Tuesday, March 17, 2009

Europe Needs More Economists

Charles Wyplosz thinks Europe needs more economists, especially of the "saltwater (pro-fsical policy) macro" variety:

Why, then, the growing divide between the US and Europe on how to respond to the recession? The size of public debts is one answer. Another answer is that the hallways of power in Washington (both in the Fed and the Treasury) are peopled with first-rate economists who happen to be of the saltwater variety who believe that fiscal policy works and have developed a clear view of what they want to see done.
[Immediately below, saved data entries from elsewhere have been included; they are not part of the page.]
lemma Xset_bounded_expansion:
  assumes "x \<in> X n" and "v x \<le> q powi M" and "M \<le> n"
  shows "x \<in> (\<lambda>c. \<Sum>k\<in>{M..<n}. c k * \<pi> powi k) ` PiE {M..<n} (\<lambda>_. S)"
proof -
  let ?expansion = "\<lambda>c. \<Sum>k\<in>{M..<n}. c k * \<pi> powi k"
  obtain k0 c where c: "\<And>k. c k \<in> S" "\<And>m. m \<le> k0 \<Longrightarrow> x = (\<Sum>k\<in>{m..<n}. c k * \<pi> powi k)"
    using Xset_expansion[OF assms(1)] by blast
  define m where "m = min k0 M"
  have "{m..<n} = {m..<M} \<union> {M..<n}"
    using assms(3) m_def by auto
  then have split: "x = (\<Sum>k\<in>{m..<M}. c k * \<pi> powi k) + ?expansion c"
    using c(2)[of m] by (simp add: m_def sum.union_disjoint)
  have "v (c k) \<le> 1" for k
    using c(1) v_S_le_1 by blast
  then have "v (?expansion c) \<le> q powi M"
    by (intro v_digit_expansion_le) auto
  then have "v (\<Sum>k\<in>{m..<M}. c k * \<pi> powi k) \<le> q powi M"
    using v_diff_le[of x "?expansion c"] assms(2) split by (simp add: algebra_simps)
  moreover have "c k = 0 \<or> v (c k) = 1" for k
    using v_S c(1) by blast
  ultimately have "x = ?expansion c"
    using digit_expansion_eq_0[of c m M] split by simp
  also have "\<dots> = ?expansion (restrict c {M..<n})"
    by (rule sum.cong) auto
  finally show ?thesis
    using c(1) by (intro rev_image_eqI[of "restrict c {M..<n}"]) auto
qed

lemma finite_Xset_bounded: "finite {x \<in> X n. v x \<le> R}"
proof -
  have "1 < inverse q"
    using q_pos q_less_1 by (simp add: one_less_inverse)
  then obtain k where "R < inverse q ^ k"
    using real_arch_pow by blast
  define M where "M = min n (- int k)"
  have "inverse q ^ k = q powi (- int k)"
    by (simp add: power_int_minus power_inverse)
  then have "R \<le> q powi M"
    using \<open>R < inverse q ^ k\<close> q_powi_antimono[of M "- int k"] by (simp add: M_def)
  then have "{x \<in> X n. v x \<le> R} \<subseteq> (\<lambda>c. \<Sum>k\<in>{M..<n}. c k * \<pi> powi k) ` PiE {M..<n} (\<lambda>_. S)"
    using Xset_bounded_expansion[of _ n M] by (auto simp: M_def)
  moreover have "finite ((\<lambda>c. \<Sum>k\<in>{M..<n}. c k * \<pi> powi k) ` PiE {M..<n} (\<lambda>_. S))"
    by (intro finite_imageI finite_PiE) (auto simp: finite_S)
  ultimately show ?thesis
    by (rule finite_subset)
qed

lemma countable_Xset: "countable (X n)"
proof -
  let ?expansion = "\<lambda>m c. \<Sum>k\<in>{m..<n}. c k * \<pi> powi k"
  have "X n \<subseteq> (\<Union>m. ?expansion m ` PiE {m..<n} (\<lambda>_. S))"
  proof
    fix x assume "x \<in> X n"
    then obtain m c where c: "\<forall>k. c k \<in> S" and x: "x = ?expansion m c"
      unfolding Xset_def by auto
    have "?expansion m c = ?expansion m (restrict c {m..<n})"
      by (rule sum.cong) auto
    moreover have "restrict c {m..<n} \<in> PiE {m..<n} (\<lambda>_. S)"
      using c by auto
    ultimately show "x \<in> (\<Union>m. ?expansion m ` PiE {m..<n} (\<lambda>_. S))"
      using x by blast
  qed
  moreover have "countable (\<Union>m. ?expansion m ` PiE {m..<n} (\<lambda>_. S))"
  proof (rule countable_UN)
    show "countable (?expansion m ` PiE {m..<n} (\<lambda>_. S))" for m
      by (intro countable_image countable_finite finite_PiE) (auto simp: finite_S)
  qed simp
  ultimately show ?thesis
    by (rule countable_subset)
qed

section \<open>The a priori estimate for \<open>D\<close>\<close>

lemma wt_pos: "wt p f n > 0"
  unfolding wt_def using p_ge_2 by simp

lemma wt_children: "wt p f n = real (p ^ f) * wt p f (n + 1)"
proof -
  have "real p powr (- (real_of_int n * real f)) = real p powr real f * real p powr (- (real_of_int (n + 1) * real f))"
    by (simp add: powr_add[symmetric] algebra_simps)
  then show ?thesis
    using p_ge_2 by (simp add: wt_def powr_realpow)
qed

definition level_norm2 :: "(int \<Rightarrow> 'a \<Rightarrow> complex) \<Rightarrow> int \<Rightarrow> real" where
  "level_norm2 \<phi> n = infsum (\<lambda>x. (cmod (\<phi> n x))\<^sup>2 * wt p f n) (X n)"

lemma inH_summable:
  "inH p f \<pi> S \<phi> \<Longrightarrow> (\<lambda>(n, x). (cmod (\<phi> n x))\<^sup>2 * wt p f n) summable_on Sigma UNIV X"
  unfolding inH_def by blast

lemma inH_level_summable:
  "inH p f \<pi> S \<phi> \<Longrightarrow> (\<lambda>x. (cmod (\<phi> n x))\<^sup>2 * wt p f n) summable_on X n"
  using summable_on_SigmaD1[where f="\<lambda>n x. (cmod (\<phi> n x))\<^sup>2 * wt p f n", OF inH_summable] by simp

lemma hnorm2_eq_infsum_level_norm2:
  "inH p f \<pi> S \<phi> \<Longrightarrow> hnorm2 p f \<pi> S \<phi> = infsum (level_norm2 \<phi>) UNIV"
  unfolding hnorm2_def level_norm2_def
  using infsum_Sigma'_banach[where f="\<lambda>n x. (cmod (\<phi> n x))\<^sup>2 * wt p f n", OF inH_summable] by simp

lemma level_norm2_summable: "inH p f \<pi> S \<phi> \<Longrightarrow> level_norm2 \<phi> summable_on UNIV"
  unfolding level_norm2_def
  using summable_on_Sigma_banach[where f="\<lambda>n x. (cmod (\<phi> n x))\<^sup>2 * wt p f n", OF inH_summable] by simp

lemma level_norm2_nonneg: "level_norm2 \<phi> n \<ge> 0"
  unfolding level_norm2_def by (rule infsum_nonneg) (simp add: wt_pos less_imp_le)

lemma hnorm2_nonneg: "hnorm2 p f \<pi> S \<phi> \<ge> 0"
  unfolding hnorm2_def by (rule infsum_nonneg) (auto simp: wt_pos less_imp_le)

lemma level_norm2_le_hnorm2: "inH p f \<pi> S \<phi> \<Longrightarrow> level_norm2 \<phi> n \<le> hnorm2 p f \<pi> S \<phi>"
  using le_infsum_single[OF level_norm2_summable, of \<phi> n] level_norm2_nonneg hnorm2_eq_infsum_level_norm2
  by simp

lemma level_norm2_eventually_le:
  assumes "inH p f \<pi> S \<phi>" and "\<eta> > 0"
  shows "\<exists>N. \<forall>m\<ge>N. level_norm2 \<phi> m \<le> \<eta>"
proof -
  obtain F where F: "finite F" "infsum (level_norm2 \<phi>) (UNIV - F) \<le> \<eta>"
    using infsum_tail_small[OF level_norm2_summable[OF assms(1)] assms(2)] by blast
  have "level_norm2 \<phi> m \<le> \<eta>" if "m > Max (insert 0 F)" for m
  proof -
    have "m \<notin> F"
      using that F(1) Max_ge[of "insert 0 F" m] by auto
    then have "level_norm2 \<phi> m \<le> infsum (level_norm2 \<phi>) (UNIV - F)"
      using summable_on_subset[OF level_norm2_summable[OF assms(1)]] level_norm2_nonneg
      by (intro le_infsum_single) auto
    with F(2) show ?thesis
      by simp
  qed
  then show ?thesis
    by (intro exI[of _ "Max (insert 0 F) + 1"]) simp
qed

lemma children_level_norm2:
  fixes n :: int
  assumes "inH p f \<pi> S \<phi>"
  defines "h \<equiv> \<lambda>x. \<Sum>s\<in>S. (cmod (\<phi> (n + 1) (x + s * \<pi> powi n)))\<^sup>2 * wt p f (n + 1)"
  shows "h summable_on X n" and "infsum h (X n) = level_norm2 \<phi> (n + 1)"
proof -
  define g where "g y = (cmod (\<phi> (n + 1) y))\<^sup>2 * wt p f (n + 1)" for y
  have "(\<lambda>xs. g ((\<lambda>(x, s). x + s * \<pi> powi n) xs)) summable_on X n \<times> S"
    unfolding summable_on_reindex_bij_betw[OF Xset_children_bij]
    unfolding g_def by (rule inH_level_summable[OF assms(1)])
  moreover have reindex: "(\<lambda>xs. g ((\<lambda>(x, s). x + s * \<pi> powi n) xs)) = (\<lambda>(x, s). g (x + s * \<pi> powi n))"
    by (simp add: fun_eq_iff)
  ultimately have summable: "(\<lambda>(x, s). g (x + s * \<pi> powi n)) summable_on Sigma (X n) (\<lambda>_. S)"
    by simp
  have h: "h = (\<lambda>x. infsum (\<lambda>s. g (x + s * \<pi> powi n)) S)"
    using finite_S by (simp add: h_def g_def fun_eq_iff)
  show "h summable_on X n"
    unfolding h using summable_on_Sigma_banach[OF summable] .
  have "infsum h (X n) = infsum (\<lambda>(x, s). g (x + s * \<pi> powi n)) (X n \<times> S)"
    unfolding h using infsum_Sigma'_banach[OF summable] .
  also have "\<dots> = infsum g (X (n + 1))"
    using infsum_reindex_bij_betw[OF Xset_children_bij, of g n] unfolding reindex .
  finally show "infsum h (X n) = level_norm2 \<phi> (n + 1)"
    by (simp add: level_norm2_def g_def[abs_def])
qed

lemma average_sq_le_children:
  fixes z :: "'a \<Rightarrow> complex"
  shows "(cmod ((\<Sum>s\<in>S. z s) / of_nat (p ^ f)))\<^sup>2 * wt p f n \<le> (\<Sum>s\<in>S. (cmod (z s))\<^sup>2 * wt p f (n + 1))"
proof -
  have "S \<noteq> {}"
    using zero_in_S by blast
  have "(\<Sum>s\<in>S. z s) / of_nat (p ^ f) = (\<Sum>s\<in>S. z s) /\<^sub>R card S"
    by (simp add: card_S scaleR_conv_of_real field_simps)
  then have "(cmod ((\<Sum>s\<in>S. z s) / of_nat (p ^ f)))\<^sup>2 \<le> (\<Sum>s\<in>S. (cmod (z s))\<^sup>2) / real (p ^ f)"
    using norm_average_sq_le[OF finite_S \<open>S \<noteq> {}\<close>, of z] by (simp add: card_S)
  from mult_right_mono[OF this less_imp_le[OF wt_pos[of n]]]
  have "(cmod ((\<Sum>s\<in>S. z s) / of_nat (p ^ f)))\<^sup>2 * wt p f n \<le> (\<Sum>s\<in>S. (cmod (z s))\<^sup>2) * wt p f (n + 1)"
    using p_ge_2 by (simp add: wt_children[of n])
  then show ?thesis
    by (simp add: sum_distrib_right)
qed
Several of them are also economic historians who have studied the Great Depression in great detail and concluded that, maybe, policy actions did not do as much good as is sometimes asserted, but that inaction under the Hoover administration transformed the financial crash into a full-blown recession.

Now look at the hallways of power in continental Europe, and you will not find many economists, even fewer first-rate economists, and certainly no one who can claim any in-depth knowledge of the Great Depression. Confused policymakers cannot develop a macroeconomic strategy on their own. On the other hand, microeconomic policies are more reassuring, because they do not seem to involve general equilibrium reasoning. Policymakers like partial equilibrium reasoning – because it is easier but mainly because they can believe that they understand what they do. Of course, we know that partial equilibrium is dead wrong and that you never get what you expect.


All this is true enough, but it's also true that one of our saltwater macroeconomists, Larry Summers, was deeply involved in removing and limiting the regulations on banking and financial markets. The remedy may thus lie in the malady, but I wouldn't say in this case that it's a blessing in disguise (I allude to Jean Starobinski's Le remède dans le mal, my English translation of which was published under the title Blessings in Disguise).